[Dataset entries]
::::

(* Let $G$ be a graph of order $n$ with minimum degree $\delta\geq 1$, let $\mu=\mu(G)$, and let $(x_1,\ldots,x_n)$ be a nonnegative unit eigenvector of the adjacency matrix of $G$ for the eigenvalue $\mu$. If $u$ is a vertex with $x_u=\min\{x_1,\ldots,x_n\}$, then \[ \mu(G-u)\geq\mu\left(1-\frac{1}{\mu^2/\delta+n-\delta-1}\right). \]
   Context: All graphs are finite and simple; $\mu(G)$ denotes the largest eigenvalue of the adjacency matrix of $G$; $G-u$ is the graph obtained by deleting vertex $u$; the eigenvector is indexed by the vertices of $G$. *)

theory Defs
  imports Complex_Main
begin

text \<open>A finite simple graph is given by a finite vertex set V and a symmetric,
  irreflexive adjacency relation E (only its restriction to V matters).\<close>

definition simple_graph :: "'a set \<Rightarrow> ('a \<Rightarrow> 'a \<Rightarrow> bool) \<Rightarrow> bool" where
  "simple_graph V E \<longleftrightarrow> finite V \<and> V \<noteq> {} \<and>
     (\<forall>v\<in>V. \<forall>w\<in>V. E v w \<longleftrightarrow> E w v) \<and> (\<forall>v\<in>V. \<not> E v v)"

definition degree :: "'a set \<Rightarrow> ('a \<Rightarrow> 'a \<Rightarrow> bool) \<Rightarrow> 'a \<Rightarrow> nat" where
  "degree V E v = card {w \<in> V. E v w}"

definition min_degree :: "'a set \<Rightarrow> ('a \<Rightarrow> 'a \<Rightarrow> bool) \<Rightarrow> nat" where
  "min_degree V E = Min (degree V E ` V)"

definition adj_mult :: "'a set \<Rightarrow> ('a \<Rightarrow> 'a \<Rightarrow> bool) \<Rightarrow> ('a \<Rightarrow> real) \<Rightarrow> 'a \<Rightarrow> real" where
  "adj_mult V E x v = (\<Sum>w\<in>V. (if E v w then 1 else 0) * x w)"

definition is_eigenvector :: "'a set \<Rightarrow> ('a \<Rightarrow> 'a \<Rightarrow> bool) \<Rightarrow> real \<Rightarrow> ('a \<Rightarrow> real) \<Rightarrow> bool" where
  "is_eigenvector V E lam x \<longleftrightarrow> (\<exists>v\<in>V. x v \<noteq> 0) \<and> (\<forall>v\<in>V. adj_mult V E x v = lam * x v)"

definition is_eigenvalue :: "'a set \<Rightarrow> ('a \<Rightarrow> 'a \<Rightarrow> bool) \<Rightarrow> real \<Rightarrow> bool" where
  "is_eigenvalue V E lam \<longleftrightarrow> (\<exists>x. is_eigenvector V E lam x)"

text \<open>Largest eigenvalue of the (real symmetric) adjacency matrix; all its
  eigenvalues are real.\<close>
definition spec_radius :: "'a set \<Rightarrow> ('a \<Rightarrow> 'a \<Rightarrow> bool) \<Rightarrow> real" where
  "spec_radius V E = Max {lam. is_eigenvalue V E lam}"

end

theory Submission
  imports Defs "HOL-Analysis.Function_Topology" "HOL-Analysis.Convex"
begin

text \<open>Write \<open>t = x u\<close>. Restricting \<open>x\<close> to \<open>V - {u}\<close> in the Rayleigh quotient of
  \<open>G - u\<close> gives \<open>\<mu> (1 - 2 t\<^sup>2) \<le> \<mu>(G - u) (1 - t\<^sup>2)\<close>. At a vertex \<open>w\<close> of minimum degree
  \<open>\<delta>\<close>, Cauchy-Schwarz on \<open>\<mu> x w = \<Sum> x\<close> over the neighbours of \<open>w\<close> gives
  \<open>\<mu>\<^sup>2 t\<^sup>2 / \<delta> \<le> \<Sum> x\<^sup>2\<close> over those neighbours, while each of the other \<open>n - \<delta>\<close> vertices
  contributes at least \<open>t\<^sup>2\<close>; hence \<open>t\<^sup>2 (\<mu>\<^sup>2/\<delta> + n - \<delta>) \<le> 1\<close>, and the two estimates
  combine to the bound. Since \<open>spec_radius\<close> is a maximum over the set of eigenvalues, the
  Rayleigh bound is obtained from a maximiser of the quadratic form on the unit sphere
  together with finiteness of the spectrum.\<close>

definition dot :: "'a set \<Rightarrow> ('a \<Rightarrow> real) \<Rightarrow> ('a \<Rightarrow> real) \<Rightarrow> real" where
  "dot W f g = (\<Sum>w\<in>W. f w * g w)"

definition adj_form :: "'a set \<Rightarrow> ('a \<Rightarrow> 'a \<Rightarrow> bool) \<Rightarrow> ('a \<Rightarrow> real) \<Rightarrow> real" where
  "adj_form W E f = dot W f (adj_mult W E f)"

lemma adj_mult_add_scaled:
  "adj_mult W E (\<lambda>w. f w + c * g w) v = adj_mult W E f v + c * adj_mult W E g v"
  unfolding adj_mult_def by (simp add: algebra_simps sum.distrib sum_distrib_left)

lemma adj_mult_scale: "adj_mult W E (\<lambda>w. c * f w) v = c * adj_mult W E f v"
  unfolding adj_mult_def by (simp add: algebra_simps sum_distrib_left)

lemma adj_mult_cong: "(\<And>w. w \<in> W \<Longrightarrow> f w = g w) \<Longrightarrow> adj_mult W E f v = adj_mult W E g v"
  unfolding adj_mult_def by (auto intro!: sum.cong)

lemma adj_mult_eq_sum_neighbours:
  "finite W \<Longrightarrow> adj_mult W E f v = (\<Sum>w\<in>{w \<in> W. E v w}. f w)"
  unfolding adj_mult_def by (auto simp: sum.inter_filter intro: sum.cong)

lemma dot_cong:
  "(\<And>w. w \<in> W \<Longrightarrow> f w = f' w) \<Longrightarrow> (\<And>w. w \<in> W \<Longrightarrow> g w = g' w) \<Longrightarrow> dot W f g = dot W f' g'"
  unfolding dot_def by (auto intro!: sum.cong)

lemma adj_form_cong: "(\<And>w. w \<in> W \<Longrightarrow> f w = g w) \<Longrightarrow> adj_form W E f = adj_form W E g"
  unfolding adj_form_def by (intro dot_cong adj_mult_cong)

lemma dot_commute: "dot W f g = dot W g f"
  unfolding dot_def by (simp add: mult.commute)

lemma dot_self_nonneg: "dot W f f \<ge> 0"
  unfolding dot_def by (auto intro: sum_nonneg)

lemma dot_self_eq_0_iff: "finite W \<Longrightarrow> dot W f f = 0 \<longleftrightarrow> (\<forall>w\<in>W. f w = 0)"
  unfolding dot_def by (simp add: sum_nonneg_eq_0_iff)

lemma dot_scale: "dot W (\<lambda>w. c * f w) (\<lambda>w. c * f w) = c\<^sup>2 * dot W f f"
  unfolding dot_def by (simp add: sum_distrib_left power2_eq_square algebra_simps)

lemma adj_form_scale: "adj_form W E (\<lambda>w. c * f w) = c\<^sup>2 * adj_form W E f"
  unfolding adj_form_def dot_def adj_mult_scale
  by (simp add: sum_distrib_left power2_eq_square algebra_simps)

lemma dot_add_scaled:
  "dot W (\<lambda>w. f w + e * g w) (\<lambda>w. f w + e * g w) = dot W f f + 2 * e * dot W f g + e\<^sup>2 * dot W g g"
  unfolding dot_def by (simp add: sum.distrib sum_distrib_left power2_eq_square algebra_simps)

lemma dot_adj_mult_symmetric:
  assumes "\<forall>v\<in>W. \<forall>w\<in>W. E v w \<longleftrightarrow> E w v"
  shows "dot W (adj_mult W E f) g = dot W f (adj_mult W E g)"
proof -
  have "dot W (adj_mult W E f) g = (\<Sum>v\<in>W. \<Sum>w\<in>W. (if E v w then 1 else 0) * f w * g v)"
    unfolding dot_def adj_mult_def by (simp add: sum_distrib_right)
  also have "\<dots> = (\<Sum>w\<in>W. \<Sum>v\<in>W. (if E w v then 1 else 0) * f w * g v)"
    using assms by (subst sum.swap) (intro sum.cong refl, auto)
  also have "\<dots> = dot W f (adj_mult W E g)"
    unfolding dot_def adj_mult_def by (simp add: sum_distrib_left algebra_simps)
  finally show ?thesis .
qed

lemma adj_form_add_scaled:
  assumes "\<forall>v\<in>W. \<forall>w\<in>W. E v w \<longleftrightarrow> E w v"
  shows "adj_form W E (\<lambda>w. f w + e * g w)
    = adj_form W E f + 2 * e * dot W (adj_mult W E f) g + e\<^sup>2 * adj_form W E g"
proof -
  have "adj_form W E (\<lambda>w. f w + e * g w) = adj_form W E f + e * dot W f (adj_mult W E g)
      + e * dot W g (adj_mult W E f) + e\<^sup>2 * adj_form W E g"
    unfolding adj_form_def adj_mult_add_scaled unfolding dot_def
    by (simp add: sum.distrib sum_distrib_left power2_eq_square algebra_simps)
  then show ?thesis
    using dot_adj_mult_symmetric[OF assms] by (simp add: dot_commute[of W g])
qed

lemma adj_form_continuous: "continuous_on S (\<lambda>z. adj_form W E z)"
  and dot_self_continuous: "continuous_on S (\<lambda>z. dot W z z)"
  unfolding adj_form_def dot_def adj_mult_def
  by (intro continuous_intros continuous_on_subset[OF continuous_on_product_coordinates]; simp)+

::::

== GOAL OF THE EXERCISE ==
Repeat only what lies between the first line of the data and the line containing "Context: All graphs", both of those lines included, exactly as it stands.

== WRITTEN REPLY ==
(* Let $G$ be a graph of order $n$ with minimum degree $\delta\geq 1$, let $\mu=\mu(G)$, and let $(x_1,\ldots,x_n)$ be a nonnegative unit eigenvector of the adjacency matrix of $G$ for the eigenvalue $\mu$. If $u$ is a vertex with $x_u=\min\{x_1,\ldots,x_n\}$, then \[ \mu(G-u)\geq\mu\left(1-\frac{1}{\mu^2/\delta+n-\delta-1}\right). \]
   Context: All graphs are finite and simple; $\mu(G)$ denotes the largest eigenvalue of the adjacency matrix of $G$; $G-u$ is the graph obtained by deleting vertex $u$; the eigenvector is indexed by the vertices of $G$. *)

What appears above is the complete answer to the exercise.